The dissertation introduces the concept of approximate local algorithms
that can estimate data mining result within desired accuracy boundary
with user-specified probabilistic guarantee by operating within a
spatial locality of the executioner-node. As a foundation of
probabilistic approximation in P2P network, a random-walk based uniform
data sampling approach is proposed, that removes the bias and dependence
in sampling caused by varying degrees of connectivity and sizes of data
shared. Then the sampling technique is applied to develop approximate
local algorithms for solving the specific data mining problem of K-means
clustering and frequent
itemset mining in the context of P2P network. Two K-means clustering
algorithms are developed, one of which extends the concept of
centralized K-means algorithm to distributed dynamic peer-to-peer
environment, while the other provides probabilistic guarantee
on accuracy of clustering result in a static P2P network. A frequent
itemset mining algorithm is developed as a direct application of the
uniform data sampling technique that discovers most of the frequent
itemsets with high probability using bounded communication.
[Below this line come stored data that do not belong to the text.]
(* Let $X$ be an FK-space containing $\phi$. The following are equivalent: (i) $X$ has $F\sigma_p^q[K]$; (ii) $X\subseteq(D_p^qS)^{dd}$; (iii) $X\subseteq(D_p^qW)^{dd}$; (iv) $X\subseteq(D_p^qF)^{dd}$; (v) $X^d=(D_p^qS)^d$; (vi) $X^d=(D_p^qF)^d$. Here the subspaces are computed in $X$.
   Context: An FK-space is a vector subspace of the space $w$ of all complex sequences with a complete metrizable locally convex topology in which coordinate functionals are continuous; $X'$ is its continuous dual. $\delta^j$ has $1$ in position $j$, $0$ elsewhere; $\phi=\operatorname{span}\{\delta^j\}$. $p(n)<q(n)$ are nonnegative integer sequences with $q(n)\to\infty$. For $x\in w$, $x^{(k)}=\sum_{j=1}^kx_j\delta^j$ and $T_n(x)=\frac{1}{q(n)-p(n)}\sum_{k=p(n)+1}^{q(n)}x^{(k)}$. $D_p^qS=\{x\in X: T_n(x)\to x\text{ in }X\}$; $D_p^qW=\{x\in X: f(T_n(x))\to f(x)\ \forall f\in X'\}$; $D_p^qF^+=\{x\in w:\lim_n f(T_n(x))\text{ exists }\forall f\in X'\}$, where $f(T_n(x))=\frac{1}{q(n)-p(n)}\sum_{k=p(n)+1}^{q(n)}\sum_{j=1}^kx_jf(\delta^j)$; $D_p^qF=D_p^qF^+\cap X$. $X$ has $F\sigma_p^q[K]$ if $X\subseteq D_p^qF^+$. $\sigma_p^q[s]=\{x:\lim_n\frac{1}{q(n)-p(n)}\sum_{k=p(n)+1}^{q(n)}\sum_{j=1}^kx_j\text{ exists}\}$; for $E\subseteq w$, $E^d=\{x\in w:(x_ny_n)_n\in\sigma_p^q[s]\ \forall y\in E\}$, $E^{dd}=(E^d)^d$. *)

theory Defs
  imports "HOL-Analysis.Analysis"
begin

type_synonym cseq = "nat \<Rightarrow> complex"

text \<open>Sequences are indexed from 0 (coordinate j of the paper is index j-1 here).\<close>

definition phi :: "cseq set" where
  "phi = {x. finite {j. x j \<noteq> 0}}"

definition unit_seq :: "nat \<Rightarrow> cseq" where
  "unit_seq j = (\<lambda>i. if i = j then 1 else 0)"

text \<open>Locally convex metrizable topology on X given by a countable family of seminorms P k.\<close>
definition seminorm_on :: "cseq set \<Rightarrow> (cseq \<Rightarrow> real) \<Rightarrow> bool" where
  "seminorm_on X s \<longleftrightarrow>
     (\<forall>x\<in>X. 0 \<le> s x) \<and>
     (\<forall>x\<in>X. \<forall>c. s (\<lambda>j. c * x j) = norm c * s x) \<and>
     (\<forall>x\<in>X. \<forall>y\<in>X. s (\<lambda>j. x j + y j) \<le> s x + s y)"

definition subspace_w :: "cseq set \<Rightarrow> bool" where
  "subspace_w X \<longleftrightarrow> (\<lambda>j. 0) \<in> X \<and>
     (\<forall>x\<in>X. \<forall>y\<in>X. (\<lambda>j. x j + y j) \<in> X) \<and>
     (\<forall>x\<in>X. \<forall>c. (\<lambda>j. c * x j) \<in> X)"

definition FK_space :: "cseq set \<Rightarrow> (nat \<Rightarrow> cseq \<Rightarrow> real) \<Rightarrow> bool" where
  "FK_space X P \<longleftrightarrow>
     subspace_w X \<and>
     (\<forall>k. seminorm_on X (P k)) \<and>
     (\<forall>j. \<exists>N C. \<forall>x\<in>X. norm (x j) \<le> C * (\<Sum>k\<le>N. P k x)) \<and>
     (\<forall>s. (\<forall>n. s n \<in> X) \<and>
          (\<forall>k. \<forall>e>0. \<exists>M. \<forall>m\<ge>M. \<forall>n\<ge>M. P k (\<lambda>j. s m j - s n j) < e)
        \<longrightarrow> (\<exists>x\<in>X. \<forall>k. (\<lambda>n. P k (\<lambda>j. s n j - x j)) \<longlonglongrightarrow> 0))"

definition cdual :: "cseq set \<Rightarrow> (nat \<Rightarrow> cseq \<Rightarrow> real) \<Rightarrow> (cseq \<Rightarrow> complex) set" where
  "cdual X P = {f.
     (\<forall>x\<in>X. \<forall>y\<in>X. f (\<lambda>j. x j + y j) = f x + f y) \<and>
     (\<forall>x\<in>X. \<forall>c. f (\<lambda>j. c * x j) = c * f x) \<and>
     (\<exists>N C. \<forall>x\<in>X. norm (f x) \<le> C * (\<Sum>k\<le>N. P k x))}"

definition sect :: "cseq \<Rightarrow> nat \<Rightarrow> cseq" where
  "sect x k = (\<lambda>j. if j < k then x j else 0)"

definition Tn :: "(nat \<Rightarrow> nat) \<Rightarrow> (nat \<Rightarrow> nat) \<Rightarrow> nat \<Rightarrow> cseq \<Rightarrow> cseq" where
  "Tn p q n x = (\<lambda>j. (1 / of_nat (q n - p n)) * (\<Sum>k\<in>{p n<..q n}. sect x k j))"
The main contribution of this research work is to introduce the concept
of approximate local algorithms for data mining in P2P network that
provides probabilistic guarantee of accuracy. It builds a basic tool
for approximate data analysis in P2P network, a uniform
data sampling technique, and develops communication efficient
approximate local algorithms for mining data distributed in such
network. The algorithms developed here provide data mining results
within desired accuracy level and probabilistic guarantee, and
shows good scalability with low communication overhead.
]]>